1. For GC developers, implementing a new garbage collector requires knowledge about all these places and how to extend them to meet their specific needs.

2. For HotSpot developers who are not GC developers, where to find specific code snippets for a given GC can cause confusion.

3. It is difficult to exclude a specific garbage collector during construction. This #define INCLUD E_ALL_GCShas long been a way to build a JVM with the only built-in serial collection, but this mechanism has become too rigid.

A cleaner GC interface will make it easier to implement new collectors, make the code cleaner, and it will be easier to exclude one or more collectors at build time. Adding a new garbage collector should implement a set of well-documented interfaces, rather than figuring out all the things that need to be changed in HotSpot.

8. Other Unicode language label extensions (JEP 314)

This feature enhances  java.util.Locale and related APIs to implement other Unicode extensions for BCP 47 language tags.
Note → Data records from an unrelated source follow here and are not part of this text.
(* Let $L(\mathbf{w})=\frac1n\sum_{k=1}^Kn_kL_k(\mathbf{w})$ be the global loss over $K$ devices with $n_k\ge1$ samples, $n=\sum_kn_k$, with $\mathbf{w}^*$ its optimal model. Assume (i) $\nabla L$ is Lipschitz continuous with modulus $\ell>0$, and (ii) $L$ is $\mu$-strongly convex with $\mu>0$: $L(\mathbf{u})\ge L(\mathbf{v})+\nabla L(\mathbf{v})^\top(\mathbf{u}-\mathbf{v})+\frac\mu2\|\mathbf{u}-\mathbf{v}\|^2$ for all $\mathbf{u},\mathbf{v}$. Starting from $\mathbf{w}^1$, in each round $i=1,2,\dots$ let $\mathbf{g}_k^i=\nabla L_k(\mathbf{w}^i)$ (assumed nonzero), draw a device $X^i$ with probabilities $$p_k^{i*}=\frac{n_k}{n}\|\mathbf{g}_k^i\|\sqrt{\frac{\rho}{(1-\rho)T_k^{\mathrm{U},i}+\lambda^{i*}}},$$ where $\rho\in(0,1]$, $T_k^{\mathrm{U},i}=\frac{qS}{B\log_2(1+\gamma_k^i)}$ and $\lambda^{i*}$ is chosen so that $\sum_kp_k^{i*}=1$, and update $\mathbf{w}^{i+1}=\mathbf{w}^i-\eta^i\frac{n_{X^i}}{np^{i*}_{X^i}}\mathbf{g}^i_{X^i}$ with learning rates $0<\eta^i<\frac1{2\mu}$. Then for every $t\ge1$, $$\mathbb{E}\{L(\mathbf{w}^{t+1})-L(\mathbf{w}^* )\}\le\prod_{i=1}^t(1-2\mu\eta^i)\,\mathbb{E}\{L(\mathbf{w}^1)-L(\mathbf{w}^* )\}+\frac{\ell}{2n}\sum_{i=1}^tA^i(\eta^i)^2\sum_{k=1}^Kn_k\|\mathbf{g}_k^i\|\sqrt{\frac{(1-\rho)T_k^{\mathrm{U},i}+\lambda^{i*}}{\rho}},$$ where $A^i=\prod_{j=i+1}^t(1-2\mu\eta^j)$.
   Context: $S$ is the number of model parameters, $q$ the number of bits per gradient element, $B$ the system bandwidth, $\gamma_k^i>0$ the uplink SNR of device $k$ in round $i$; $T_k^{\mathrm{U},i}$ is device $k$'s gradient upload latency. The probabilities $p_k^{i*}$ are the importance- and channel-aware scheduling policy minimizing, over distributions $(p_k)$, $\sum_k p_k\big(\rho\|\frac{n_k}{np_k}\mathbf{g}_k^i-\nabla L(\mathbf{w}^i)\|^2+(1-\rho)T_k^i\big)$, with $T_k^i$ the one-round latency when device $k$ is scheduled. *)

theory Defs
  imports "HOL-Probability.Probability"
begin

text \<open>Devices are indexed by k < K; nk k is the number of samples of device k.\<close>

definition total_samples :: "(nat \<Rightarrow> nat) \<Rightarrow> nat \<Rightarrow> real" where
  "total_samples nk K = (\<Sum>k<K. real (nk k))"

definition global_loss :: "(nat \<Rightarrow> nat) \<Rightarrow> nat \<Rightarrow> (nat \<Rightarrow> 'v \<Rightarrow> real) \<Rightarrow> 'v \<Rightarrow> real" where
  "global_loss nk K Lk w = (\<Sum>k<K. real (nk k) * Lk k w) / total_samples nk K"

text \<open>Global gradient (1/n) sum_k n_k grad L_k(w), with G k w = grad L_k(w)\<close>
definition global_grad :: "(nat \<Rightarrow> nat) \<Rightarrow> nat \<Rightarrow> (nat \<Rightarrow> 'v \<Rightarrow> 'v) \<Rightarrow> 'v \<Rightarrow> 'v::real_vector" where
  "global_grad nk K G w = (1 / total_samples nk K) *\<^sub>R (\<Sum>k<K. real (nk k) *\<^sub>R G k w)"

definition upload_lat :: "real \<Rightarrow> real \<Rightarrow> real \<Rightarrow> real \<Rightarrow> real" where
  "upload_lat q S B snr = q * S / (B * log 2 (1 + snr))"

text \<open>Scheduling probability p_k^{i*} for device k at model w, given the
  latencies Tk (of round i) and the multiplier lam (= lambda^{i*}).\<close>
definition sched_prob :: "(nat \<Rightarrow> nat) \<Rightarrow> nat \<Rightarrow> (nat \<Rightarrow> 'v \<Rightarrow> 'v::real_normed_vector)
    \<Rightarrow> real \<Rightarrow> (nat \<Rightarrow> real) \<Rightarrow> real \<Rightarrow> 'v \<Rightarrow> nat \<Rightarrow> real" where
  "sched_prob nk K G \<rho> Tk lam w k =
     real (nk k) / total_samples nk K * norm (G k w) * sqrt (\<rho> / ((1 - \<rho>) * Tk k + lam))"

definition sgd_step :: "(nat \<Rightarrow> nat) \<Rightarrow> nat \<Rightarrow> (nat \<Rightarrow> 'v \<Rightarrow> 'v::real_normed_vector)
    \<Rightarrow> real \<Rightarrow> (nat \<Rightarrow> nat \<Rightarrow> real) \<Rightarrow> (nat \<Rightarrow> 'v \<Rightarrow> real) \<Rightarrow> (nat \<Rightarrow> real)
    \<Rightarrow> nat \<Rightarrow> 'v \<Rightarrow> 'v pmf" where
  "sgd_step nk K G \<rho> T lam \<eta> i w =
     (let p = sched_prob nk K G \<rho> (T i) (lam i w) w in
      map_pmf (\<lambda>X. w - (\<eta> i * real (nk X) / (total_samples nk K * p X)) *\<^sub>R G X w)
              (embed_pmf (\<lambda>X. if X < K then p X else 0)))"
Starting with Java SE 9, the supported BCP 47 U language extensions are "ca" and "nu". The JEP will add support for the following additional extensions:

• cu (currency type)
• fw (first day of the week)
• rg (regional coverage)
• tz (time zone)

In order to support these additional extensions, the following various APIs have been changed to provide information based on U or additional extensions:

java.text.DateFormat::get*Instance
java.text.DateFormatSymbols::getInstance
java.text.DecimalFormatSymbols::getInstance
java.text.NumberFormat::get*Instance
java.time.format.DateTimeFormatter::localizedBy
java.time.format.DateTimeFormatterBuilder::getLocalizedDateTimePattern
java.time.format.DecimalStyle::of
java.time.temporal.WeekFields::of
java.util.Calendar::{getFirstDayOfWeek,getMinimalDaysInWeek}
java.util.Currency::getInstance
java.util.Locale::getDisplayName
java.util.spi.LocaleNameProvider

Nine, the root certificate (JEP 319)

The cacerts keystore (empty so far) is intended to contain a set of root certificates that can be used to establish trust in the certificate chains used by various security protocols.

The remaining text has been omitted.